The short answer may be "yes". Commentary in a recent issue of Greg Aharonian's PATNEWS email newsletter (not on the Web, sorry) highlighted several points that lead one to think we may have brought this on ourselves, at least to some extent.
As I noted a couple weeks ago, there's a significant advantage to doing your patent litigation through a non-producing entity (NPE) in that the NPE is effectively immune from competitor counter-suits. Since they make nothing, they violate no patents themselves. In addition, you can (and here I use the term advisedly) 'rig' the NPE to be little more than a shell, with few or no assets that could be taken in the case of adverse judgment. This is similar to the shell game that corporations (and individuals) often play, separating out assets that could be seized from any legal liabilities - just now it's being applied to patent lawsuits.
In addition, PATNEWS reports, there was a rule change in how one can file a patent suit. In particular, new rules limit the number of defendants that can be named. In one way that's good, because it prevents suit-happy patent holders from sweeping huge brushes around, hoping to catch someone who would rather settle than fight. But in practice what it has meant is that instead of one suit with 10 defendants, NPEs now file ten separate lawsuits. The result is an apparent inflation in the absolute number of lawsuits, but that's something of an illusion.

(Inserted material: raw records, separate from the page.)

definition yD :: "real \<Rightarrow> real \<Rightarrow> ('d::finite \<Rightarrow> nat) \<Rightarrow> nat \<Rightarrow> real^'d \<Rightarrow> real" where
  "yD \<alpha> Mt \<kappa> a x = (let r = linf (x - cen \<kappa> a) in
     if r \<le> gam a then Mhat \<alpha> Mt * gam a powr \<alpha> - Mhat \<alpha> Mt * r powr \<alpha> else 0)"

definition yC :: "real \<Rightarrow> real \<Rightarrow> ('d::finite \<Rightarrow> nat) \<Rightarrow> nat \<Rightarrow> real^'d \<Rightarrow> real" where
  "yC \<alpha> Mt \<kappa> A x = yD \<alpha> Mt \<kappa> A x
     + (\<Sum>l\<in>{1..A-1}. yS \<alpha> Mt (piter \<kappa> A l) (A - l) x) + yS0 \<alpha> Mt x"

end

(*
  Let c_0, ..., c_A = c be the centres of the ancestors of the innermost cube.
  Consecutive centres satisfy |c_(j+1) - c_j| <= 2 gam (j+1), and summing the
  geometric series gives |c - c_j| <= 5/2 gam (j+1) < 3 gam (j+1): the point c
  sits on every plateau and on the peak.  Hence y(c) - y(x) is a sum of
  nonnegative losses, one per level.  Write r = |c - x|.
  Lower bound: if x lies in the innermost cube, the peak alone loses Mhat r^alpha;
  otherwise x leaves the cube of some first level j + 1, loses that whole plateau
  Mt (8 gam (j+1))^alpha, and r <= 15/2 gam (j+1).
  Upper bound: the peak loses at most Mhat r^alpha, and level j loses anything
  only if gam (j+1) < 2 r, so the remaining losses form a truncated geometric
  series bounded by Mt (80 r)^alpha / (1 - 5^-alpha).
*)

theory Submission
  imports Defs
begin

lemma sum_geometric_le:
  fixes g :: "nat \<Rightarrow> real"
  assumes g: "\<And>k. 0 \<le> g k" "\<And>k. g (Suc k) = q * g k" and q: "0 \<le> q" "q < 1"
  shows "(\<Sum>j<N. g j) \<le> g 0 / (1 - q)"
  using g
proof (induction N arbitrary: g)
  case 0
  then show ?case
    using q by simp
next
  case (Suc N)
  have "(\<Sum>j<Suc N. g j) = g 0 + (\<Sum>j<N. g (Suc j))"
    by (subst sum.lessThan_Suc_shift) simp
  also have "\<dots> \<le> g 0 + g 1 / (1 - q)"
    using Suc.IH[of "\<lambda>j. g (Suc j)"] Suc.prems by fastforce
  also have "\<dots> = g 0 / (1 - q)"
    using q Suc.prems(2)[of 0] by (simp add: field_simps)
  finally show ?case .
qed

lemma sum_geometric_bounded_terms_le:
  fixes g :: "nat \<Rightarrow> real"
  assumes g: "\<And>k. 0 \<le> g k" "\<And>k. g (Suc k) = q * g k" and q: "0 \<le> q" "q < 1" and "0 \<le> B"
  shows "(\<Sum>j<N. if g j \<le> B then g j else 0) \<le> B / (1 - q)"
  using g
proof (induction N arbitrary: g)
  case 0
  then show ?case
    using \<open>0 \<le> B\<close> q by simp
next
  case (Suc N)
  show ?case
  proof (cases "g 0 \<le> B")
    case True
    have "(\<Sum>j<Suc N. if g j \<le> B then g j else 0) \<le> (\<Sum>j<Suc N. g j)"
      using Suc.prems by (intro sum_mono) auto
    also have "\<dots> \<le> g 0 / (1 - q)"
      using sum_geometric_le Suc.prems q by blast
    also have "\<dots> \<le> B / (1 - q)"
      using True q by (simp add: divide_right_mono)
    finally show ?thesis .
  next
    case False
    have "(\<Sum>j<Suc N. if g j \<le> B then g j else 0) = (\<Sum>j<N. if g (Suc j) \<le> B then g (Suc j) else 0)"
      using False by (subst sum.lessThan_Suc_shift) simp
    also have "\<dots> \<le> B / (1 - q)"
      by (rule Suc.IH) (rule Suc.prems)+
    finally show ?thesis .
  qed
qed

lemma argmax_eq_singleton:
  fixes f :: "'a \<Rightarrow> 'b::linorder"
  assumes "x0 \<in> S" and "\<And>x. x \<in> S \<Longrightarrow> x \<noteq> x0 \<Longrightarrow> f x < f x0"
  shows "{x \<in> S. \<forall>z \<in> S. f z \<le> f x} = {x0}"
proof -
  have "f z \<le> f x0" if "z \<in> S" for z
    using assms(2)[OF that] by (cases "z = x0") (auto intro: less_imp_le)
  moreover have "x = x0" if "x \<in> S" and "f x0 \<le> f x" for x
    using assms(2)[OF that(1)] that(2) by force
  ultimately show ?thesis
    using assms(1) by blast
qed

lemma linf_eq_infnorm: "linf x = infnorm x"
  unfolding linf_def infnorm_cart by (simp add: cSup_eq_Max full_SetCompr_eq)

lemma linf_le_iff: "linf v \<le> t \<longleftrightarrow> (\<forall>i. \<bar>v $ i\<bar> \<le> t)"
  unfolding linf_def by (subst Max_le_iff) auto

lemma linf_less_iff: "linf v < t \<longleftrightarrow> (\<forall>i. \<bar>v $ i\<bar> < t)"
  unfolding linf_def by (subst Max_less_iff) auto

lemma linf_triangle: "linf (a - c) \<le> linf (a - b) + linf (b - c)"
  using infnorm_triangle[of "a - b" "b - c"] by (simp add: linf_eq_infnorm)

lemma linf_commute: "linf (a - b) = linf (b - a)"
  by (simp add: linf_eq_infnorm infnorm_sub)

lemma gam_pos: "0 < gam a"
  by (simp add: gam_def)

lemma gam_Suc: "gam (Suc a) = gam a / 5"
  by (simp add: gam_def)

lemma cen_in_unitcube:
  assumes "\<kappa> \<in> idx a"
  shows "cen \<kappa> a \<in> unitcube"
proof -
  have "0 \<le> (2 * real (\<kappa> i) - 1) * gam a \<and> (2 * real (\<kappa> i) - 1) * gam a \<le> 1" for i
  proof -
    have "1 \<le> \<kappa> i" "\<kappa> i \<le> 5 ^ a"
      using assms by (auto simp: idx_def)
    then have "1 \<le> real (\<kappa> i)" "real (\<kappa> i) \<le> 5 ^ a"
      by (simp, metis of_nat_le_iff of_nat_numeral of_nat_power)
    then have "2 * real (\<kappa> i) - 1 \<le> 2 * 5 ^ a"
      by linarith
    then have "(2 * real (\<kappa> i) - 1) * gam a \<le> 2 * 5 ^ a * gam a"
      using gam_pos[of a] by (simp add: mult_right_mono)
    also have "\<dots> = 1"
      by (simp add: gam_def power_one_over)
    finally show ?thesis
      using \<open>1 \<le> real (\<kappa> i)\<close> gam_pos[of a] by simp
  qed
  then show ?thesis
    by (simp add: unitcube_def cen_def)
qed

lemma cen_in_Zc: "\<kappa> \<in> idx a \<Longrightarrow> cen \<kappa> a \<in> Zc \<kappa> a"
  using cen_in_unitcube gam_pos[of a] by (simp add: Zc_def linf_eq_infnorm infnorm_0)

lemma Zc_index_unique:
  assumes "y \<in> Zc \<kappa> a" and "y \<in> Zc \<kappa>' a"
  shows "\<kappa> = \<kappa>'"
proof
  fix i
  have "\<bar>y $ i - (2 * real (\<kappa> i) - 1) * gam a\<bar> < gam a"
    and "\<bar>y $ i - (2 * real (\<kappa>' i) - 1) * gam a\<bar> < gam a"
    using assms by (auto simp: Zc_def cen_def linf_less_iff)
  then have "gam a * real (\<kappa> i) < gam a * (real (\<kappa>' i) + 1)"
    and "gam a * real (\<kappa>' i) < gam a * (real (\<kappa> i) + 1)"
    by (simp_all add: abs_less_iff algebra_simps)
  then show "\<kappa> i = \<kappa>' i"
    using gam_pos[of a] by (simp only: mult_less_cancel_left_pos)
qed

lemma linf_unitcube_cen_0:
  assumes "x \<in> unitcube"
  shows "linf (x - cen (\<lambda>_. 1) 0) \<le> gam 0"
proof -
  have "0 \<le> x $ i" "x $ i \<le> 1" for i
    using assms by (simp_all add: unitcube_def)
  then have "\<bar>x $ i - 1 / 2\<bar> \<le> 1 / 2" for i
    unfolding abs_le_iff by (simp add: field_simps)
  then show ?thesis
    unfolding linf_le_iff by (simp add: cen_def gam_def)
qed

lemma idx_0: "idx 0 = {\<lambda>_. 1}"
  by (auto simp: idx_def intro: antisym)

lemma child_interval_subset:
  fixes t h :: real and k :: nat
  assumes h: "0 < h" and t: "\<bar>t - (2 * real k - 1) * h\<bar> < h"
  shows "\<bar>t - (2 * real ((k + 4) div 5) - 1) * (5 * h)\<bar> < 5 * h"
proof -
  define p where "p = (k + 4) div 5"
  have "5 * p \<le> k + 4" "k \<le> 5 * p"
    by (simp_all add: p_def)
  then have "5 * real p \<le> real k + 4" "real k \<le> 5 * real p"
    by linarith+
  then have "h * (5 * real p) \<le> h * (real k + 4)" "h * real k \<le> h * (5 * real p)"
    using mult_left_mono less_imp_le[OF h] by blast+
  moreover have "h * (2 * real k) - 2 * h < t" "t < h * (2 * real k)"
    using t by (simp_all add: abs_less_iff algebra_simps)
  ultimately show ?thesis
    unfolding p_def[symmetric] abs_less_iff by (simp only: algebra_simps) linarith
qed

lemma Zc_Suc_subset_parent: "Zc \<kappa> (Suc b) \<subseteq> Zc (\<lambda>i. (\<kappa> i + 4) div 5) b"
proof
  fix x
  assume x: "x \<in> Zc \<kappa> (Suc b)"
  then have "\<bar>x $ i - (2 * real (\<kappa> i) - 1) * gam (Suc b)\<bar> < gam (Suc b)" for i
    by (simp add: Zc_def linf_less_iff cen_def)
  moreover have "5 * gam (Suc b) = gam b"
    by (simp add: gam_Suc)
  ultimately have "\<bar>x $ i - (2 * real ((\<kappa> i + 4) div 5) - 1) * gam b\<bar> < gam b" for i
    using child_interval_subset[OF gam_pos] by metis
  then show "x \<in> Zc (\<lambda>i. (\<kappa> i + 4) div 5) b"
    using x by (simp add: Zc_def linf_less_iff cen_def)
qed

lemma parent_in_idx:
  assumes "\<kappa> \<in> idx (Suc b)"
  shows "(\<lambda>i. (\<kappa> i + 4) div 5) \<in> idx b"
proof -
  have "1 \<le> (\<kappa> i + 4) div 5 \<and> (\<kappa> i + 4) div 5 \<le> 5 ^ b" for i
  proof -
    have "1 \<le> \<kappa> i" "\<kappa> i \<le> 5 * 5 ^ b"
      using assms by (auto simp: idx_def)
    then show ?thesis
      by presburger
  qed
  then show ?thesis
    by (simp add: idx_def)
qed

lemma par_Suc_eq:
  assumes "\<kappa> \<in> idx (Suc b)"
  shows "par \<kappa> (Suc b) = (\<lambda>i. (\<kappa> i + 4) div 5)"
  unfolding par_def
proof (rule the_equality)
  show "(\<lambda>i. (\<kappa> i + 4) div 5) \<in> idx (Suc b - 1) \<and> Zc \<kappa> (Suc b) \<subseteq> Zc (\<lambda>i. (\<kappa> i + 4) div 5) (Suc b - 1)"
    using parent_in_idx[OF assms] Zc_Suc_subset_parent by simp
next
  fix \<kappa>'
  assume "\<kappa>' \<in> idx (Suc b - 1) \<and> Zc \<kappa> (Suc b) \<subseteq> Zc \<kappa>' (Suc b - 1)"
  then show "\<kappa>' = (\<lambda>i. (\<kappa> i + 4) div 5)"
    using cen_in_Zc[OF assms] Zc_Suc_subset_parent Zc_index_unique by (simp add: subset_iff) blast
qed

lemma U_Suc_parent:
  assumes "\<kappa> \<in> idx (Suc b)" and "Zc \<kappa> (Suc b) \<in> U (Suc b)"
  shows "par \<kappa> (Suc b) \<in> idx b" and "Zc (par \<kappa> (Suc b)) b \<in> U b"
    and "linf (cen \<kappa> (Suc b) - cen (par \<kappa> (Suc b)) b) \<le> 2 * gam (Suc b)"
proof -
  obtain \<kappa>' where eq: "Zc \<kappa> (Suc b) = Zc \<kappa>' (Suc b)"
    and "Zc (par \<kappa>' (Suc b)) b \<in> U b"
    and "linf (cen \<kappa>' (Suc b) - cen (par \<kappa>' (Suc b)) b) \<le> 2 * gam (Suc b)"
    using assms(2) by auto
  moreover have "\<kappa> = \<kappa>'"
    using cen_in_Zc[OF assms(1)] eq Zc_index_unique by blast
  ultimately show "Zc (par \<kappa> (Suc b)) b \<in> U b"
    and "linf (cen \<kappa> (Suc b) - cen (par \<kappa> (Suc b)) b) \<le> 2 * gam (Suc b)"
    by simp_all
  show "par \<kappa> (Suc b) \<in> idx b"
    using parent_in_idx[OF assms(1)] par_Suc_eq[OF assms(1)] by simp
qed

It's not wholly illusory in that the ten separate suits are a larger burden on the court system - this is why courts often try to consolidate cases where possible - but it does mean that there may not be so large a rise particularly if you compare "number of patent lawsuit defendants" on a year-over-year basis.
Another commenter pointed out that reversals (at appellate level) of district court rulings has risen to nearly 50%. A reversal can come in many forms - sometimes a case is reversed and ended, but more often a reversal means it's going to be appealed further or be remanded back down to the lower level for a new trial. As the number of reversals goes up, the overall count of cases goes up. And of course a retrial may itself result in an appeal, and so on and so on.
Reversal on appeal also complicates matters. Generally speaking it's the trial court's job to find on matters of fact. On appeal, each side more or less has to accept the facts as presented at trial but argues that the law was inappropriately applied or that there was some other procedural error. In effect the arguments on appeal of a standard case tend to be totally different. However, in patent cases, the appeals court can sometimes rule a patent or patent claim invalid. This can force a whole new trial as the losing side now has to make its case with lesser (or at least different) facts available. The result, again, is an apparent increase in the number of patent trials.
None of this is to say that there aren't too many NPEs nor horrid abuses of the court system (as there are horrid abuses of the patent system). But it does point out that people bemoaning the current patent litigation system may need to examine things a little more closely. And because I like being right, I claim this sort of analysis lends weight to my assertion that trying to fix the patent system problems at the court level is too late. We must make fixes upstream, at the application, review, and granting stages.